Show each line of the data below that has the string "thesis" in it.

[Stored items]
◆ ◆ ◆ ◆

lemma clear_non_representatives:
  assumes "bounded v"
  shows "\<exists>v'. bounded v' \<and> off_rep_trivial v' \<and> pow_elem v' \<in> aut_orbit G (pow_elem v)"
  using assms
proof (induction "card {t\<in>I. rep t \<noteq> t \<and> v t < e t}" arbitrary: v rule: less_induct)
  case less
  show ?case
  proof (cases "\<exists>t\<in>I. rep t \<noteq> t \<and> v t < e t")
    case False
    then have "off_rep_trivial v"
      using False less.prems unfolding off_rep_trivial_def bounded_def by (auto simp: le_less)
    then show ?thesis using less.prems aut_orbit_self[of "pow_elem v" G] by blast
  next
    case True
    then obtain t where t: "t \<in> I" "rep t \<noteq> t" "v t < e t" by blast
    define r where "r = rep t"
    have r: "r \<in> I" "q r = q t" "e r = e t" "rep r = r"
      using rep[OF t(1)] rep_rep[OF t(1)] unfolding r_def by auto
    define v' where "v' = (v(r := min (v r) (v t)))(t := e t)"
    have orbit: "pow_elem v' \<in> aut_orbit G (pow_elem v)"
      unfolding v'_def by (rule clear_duplicate[OF t(1) r(1)]) (use r t(2) in \<open>auto simp: r_def\<close>)
    have bounded: "bounded v'"
      using less.prems r unfolding bounded_def v'_def by auto
    have pending: "{s\<in>I. rep s \<noteq> s \<and> v' s < e s} = {s\<in>I. rep s \<noteq> s \<and> v s < e s} - {t}"
      using r unfolding v'_def by auto
    have "card ({s\<in>I. rep s \<noteq> s \<and> v s < e s} - {t}) < card {s\<in>I. rep s \<noteq> s \<and> v s < e s}"
      by (rule card_Diff1_less) (use t finite_I in auto)
    then have "card {s\<in>I. rep s \<noteq> s \<and> v' s < e s} < card {s\<in>I. rep s \<noteq> s \<and> v s < e s}"
      by (simp only: pending)
    then obtain w where w: "bounded w" "off_rep_trivial w" "pow_elem w \<in> aut_orbit G (pow_elem v')"
      using less.hyps[OF _ bounded] by blast
    have "pow_elem w \<in> aut_orbit G (pow_elem v)" by (rule pow_elem_orbit_trans[OF orbit w(3)])
    then show ?thesis using w(1,2) by blast
  qed
qed

lemma saturate:
  assumes "bounded v" "off_rep_trivial v"
  shows "\<exists>v'. bounded v' \<and> off_rep_trivial v' \<and> saturated v' \<and> pow_elem v' \<in> aut_orbit G (pow_elem v)"
  using assms
proof (induction "\<Sum>t\<in>I. v t" arbitrary: v rule: less_induct)
  case less
  show ?case
  proof (cases "saturated v")
    case True
    then show ?thesis using less.prems aut_orbit_self[of "pow_elem v" G] by blast
  next
    case False
    then obtain r r' where rr: "r \<in> I" "r' \<in> I" "rep r = r" "rep r' = r'" "q r = q r'"
      and lt: "v r + (e r' - e r) < v r'" unfolding saturated_def by auto
    have ne: "r \<noteq> r'" using lt by auto
    define v' where "v' = v(r' := v r + (e r' - e r))"
    have orbit: "pow_elem v' \<in> aut_orbit G (pow_elem v)"
      unfolding v'_def by (rule lower_exponent[OF rr(1,2) ne rr(5) lt])
    have "v r' \<le> e r'" using less.prems(1) rr(2) unfolding bounded_def by blast
    then have "bounded v'" using less.prems(1) lt unfolding bounded_def v'_def by auto
    moreover have "off_rep_trivial v'"
      using less.prems(2) rr(4) unfolding off_rep_trivial_def v'_def by auto
    ultimately have invariants: "bounded v'" "off_rep_trivial v'" by blast+
    have "(\<Sum>t\<in>I. v' t) < (\<Sum>t\<in>I. v t)"
      by (rule sum_strict_mono_ex1[OF finite_I]) (use lt rr(2) in \<open>auto simp: v'_def\<close>)
    then obtain w where w: "bounded w" "off_rep_trivial w" "saturated w"
        "pow_elem w \<in> aut_orbit G (pow_elem v')"
      using less.hyps[OF _ invariants] by blast
    have "pow_elem w \<in> aut_orbit G (pow_elem v)" by (rule pow_elem_orbit_trans[OF orbit w(4)])
    then show ?thesis using w(1-3) by blast
  qed
qed

text \<open>
  The orbit data: for every prime \<open>p\<close> occurring, a height profile on the set of
  exponents occurring with \<open>p\<close>; the canonical element of a profile \<open>a\<close> has
  coordinate \<open>p ^ a p x\<close> at the representative of type \<open>(p, x)\<close> and \<open>0\<close> elsewhere.
\<close>

definition exponents :: "nat \<Rightarrow> nat set" where
  "exponents p = e ` {t\<in>I. q t = p}"

definition profiles :: "(nat \<Rightarrow> nat \<Rightarrow> nat) set" where
  "profiles = (\<Pi>\<^sub>E p\<in>q ` I. height_profiles (exponents p))"

definition canonical :: "(nat \<Rightarrow> nat \<Rightarrow> nat) \<Rightarrow> ('a \<Rightarrow> int)" where
  "canonical a = pow_elem (\<lambda>t. if rep t = t then a (q t) (e t) else e t)"

lemma canonical_apply:
  "t \<in> I \<Longrightarrow> canonical a t = int (q t) ^ (if rep t = t then a (q t) (e t) else e t) mod modulus t"
  unfolding canonical_def pow_elem_def by simp

lemma canonical_carrier: "canonical a \<in> carrier G"
  unfolding canonical_def by (rule pow_elem_carrier)

lemma exponents_mem: "t \<in> I \<Longrightarrow> e t \<in> exponents (q t)"
  unfolding exponents_def by blast

lemma profile_heights:
  assumes "a \<in> profiles" "t \<in> I"
  shows "a (q t) \<in> height_profiles (exponents (q t))"
  using assms unfolding profiles_def by blast

lemma saturated_profile:
  assumes v: "bounded v" "off_rep_trivial v" "saturated v"
  defines "a \<equiv> \<lambda>p\<in>q ` I. \<lambda>x\<in>exponents p. v (type_rep p x)"
  shows "a \<in> profiles" and "canonical a = pow_elem v"
proof -
  have rep_a: "a (q t) (e t) = v (rep t)" if "t \<in> I" for t
    using that exponents_mem[OF that] unfolding a_def rep_def by simp
  show "canonical a = pow_elem v"
    unfolding canonical_def
    by (rule pow_elem_cong) (use v(2) rep_a in \<open>auto simp: off_rep_trivial_def\<close>)
  have "a p \<in> height_profiles (exponents p)" if p: "p \<in> q ` I" for p
  proof -
    have rep_of: "\<exists>r\<in>I. rep r = r \<and> q r = p \<and> e r = x \<and> a p x = v r" if x: "x \<in> exponents p" for x
    proof -
      obtain t where t: "t \<in> I" "q t = p" "e t = x" using x unfolding exponents_def by blast
      then show ?thesis using rep[OF t(1)] rep_rep[OF t(1)] rep_a[OF t(1)] by (intro bexI[of _ "rep t"]) auto
    qed
    have ext: "a p \<in> exponents p \<rightarrow>\<^sub>E UNIV" using p unfolding a_def by simp
    have bound: "\<forall>x\<in>exponents p. a p x \<le> x"
      using rep_of v(1) unfolding bounded_def by fastforce
    have mono: "a p x \<le> a p y \<and> x - a p x \<le> y - a p y"
      if xy: "x \<in> exponents p" "y \<in> exponents p" "x < y" for x y
    proof -
      obtain r r' where r: "r \<in> I" "rep r = r" "q r = p" "e r = x" "a p x = v r"
        and r': "r' \<in> I" "rep r' = r'" "q r' = p" "e r' = y" "a p y = v r'"
        using rep_of[OF xy(1)] rep_of[OF xy(2)] by blast
      have sat: "v s' \<le> v s + (e s' - e s)"
        if "s \<in> I" "s' \<in> I" "rep s = s" "rep s' = s'" "q s = q s'" for s s'
        using v(3) that unfolding saturated_def by blast
      have "v r' \<le> v r + (y - x)" "v r \<le> v r' + (x - y)"
        using sat[OF r(1) r'(1) r(2) r'(2)] sat[OF r'(1) r(1) r'(2) r(2)] r(3,4) r'(3,4) by simp_all
      then show ?thesis using r r' xy(3) by simp
    qed
    show ?thesis unfolding height_profiles_def using ext bound mono by blast
  qed
  then show "a \<in> profiles" unfolding profiles_def a_def by auto
qed


lemma orbit_meets_canonical:
  assumes x: "x \<in> carrier G"
  shows "\<exists>a\<in>profiles. canonical a \<in> aut_orbit G x"
proof -
  obtain v0 where v0: "bounded v0" "pow_elem v0 \<in> aut_orbit G x"
    using orbit_meets_pow_elem[OF x] by blast
  obtain v1 where v1: "bounded v1" "off_rep_trivial v1" "pow_elem v1 \<in> aut_orbit G (pow_elem v0)"
    using clear_non_representatives[OF v0(1)] by blast
  obtain v where v: "bounded v" "off_rep_trivial v" "saturated v" "pow_elem v \<in> aut_orbit G (pow_elem v1)"
    using saturate[OF v1(1,2)] by blast
  have "pow_elem v1 \<in> aut_orbit G x" by (rule aut_orbit_trans[OF group_G x v0(2) v1(3)])
  then have orbit: "pow_elem v \<in> aut_orbit G x" by (rule aut_orbit_trans[OF group_G x _ v(4)])
  define a where "a = (\<lambda>p\<in>q ` I. \<lambda>x\<in>exponents p. v (type_rep p x))"
  have "a \<in> profiles" "canonical a = pow_elem v"
    unfolding a_def by (rule saturated_profile[OF v(1-3)])+
  then show ?thesis using orbit by (intro bexI[of _ a]) simp_all
qed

◆ ◆ ◆ ◆

OUTPUT OF THE TASK:
    then show ?thesis using less.prems aut_orbit_self[of "pow_elem v" G] by blast
    then show ?thesis using w(1,2) by blast
    then show ?thesis using less.prems aut_orbit_self[of "pow_elem v" G] by blast
    then show ?thesis using w(1-3) by blast
      then show ?thesis using rep[OF t(1)] rep_rep[OF t(1)] rep_a[OF t(1)] by (intro bexI[of _ "rep t"]) auto
      then show ?thesis using r r' xy(3) by simp
    show ?thesis unfolding height_profiles_def using ext bound mono by blast
  then show ?thesis using orbit by (intro bexI[of _ a]) simp_all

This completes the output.